» Data in this exercise:

text \<open>
  Let \<open>K\<close> be the kernel of an explainer \<open>E'\<close>. If the principal dictates \<open>E' f = E' w\<close>, the agent
  is free on \<open>w + K\<close> and picks \<open>w + P (u - w)\<close>, where \<open>P\<close> is the \<open>Om\<close>-orthogonal projection
  onto \<open>K\<close>, so the principal loses \<open>|P (u - w)|\<^sup>2\<close>. If \<open>K\<close> is \<open>Om\<close>-orthogonal to \<open>ker A\<close>,
  then \<open>P (f - w) = P (a0 - w)\<close> for every \<open>f\<close> with \<open>A f = a\<close>, so by Bessel's inequality the
  restricted agent costs at least \<open>|P (a0 - w)|\<^sup>2\<close> for one fixed \<open>a0\<close>. Composing \<open>E\<close> with the
  projection onto \<open>ker A\<close> yields such an \<open>E'\<close>, since full explainability makes \<open>E\<close> injective
  on \<open>ker A\<close>; its kernel is nontrivial because \<open>k < n\<close>. Finally, for \<open>v = Om t\<close> with \<open>t\<close> in
  an \<open>Om\<close>-orthonormal basis of \<open>K\<close>,
  \<open>E (v \<bullet> (u - w))\<^sup>2 = v' E[(u - w)(u - w)'] v < v' Var(w) v \<le> E (v \<bullet> (a0 - w))\<^sup>2\<close>,
  the last step because the mean minimises the expected squared deviation.
\<close>

definition mat_inner :: "real^'n^'n \<Rightarrow> real^'n \<Rightarrow> real^'n \<Rightarrow> real" where
  "mat_inner Om x y = x \<bullet> (Om *v y)"

lemma bilinear_mat_inner: "bilinear (mat_inner Om)"
  by (simp add: bilinear_def mat_inner_def linear_iff inner_add_left inner_add_right
      matrix_vector_right_distrib matrix_vector_mult_scaleR)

» Required work: Only the last part of the entries above is needed: please copy the line with "by (simp add: bilinear_def" and each line after it exactly.

» Response below:
  by (simp add: bilinear_def mat_inner_def linear_iff inner_add_left inner_add_right
      matrix_vector_right_distrib matrix_vector_mult_scaleR)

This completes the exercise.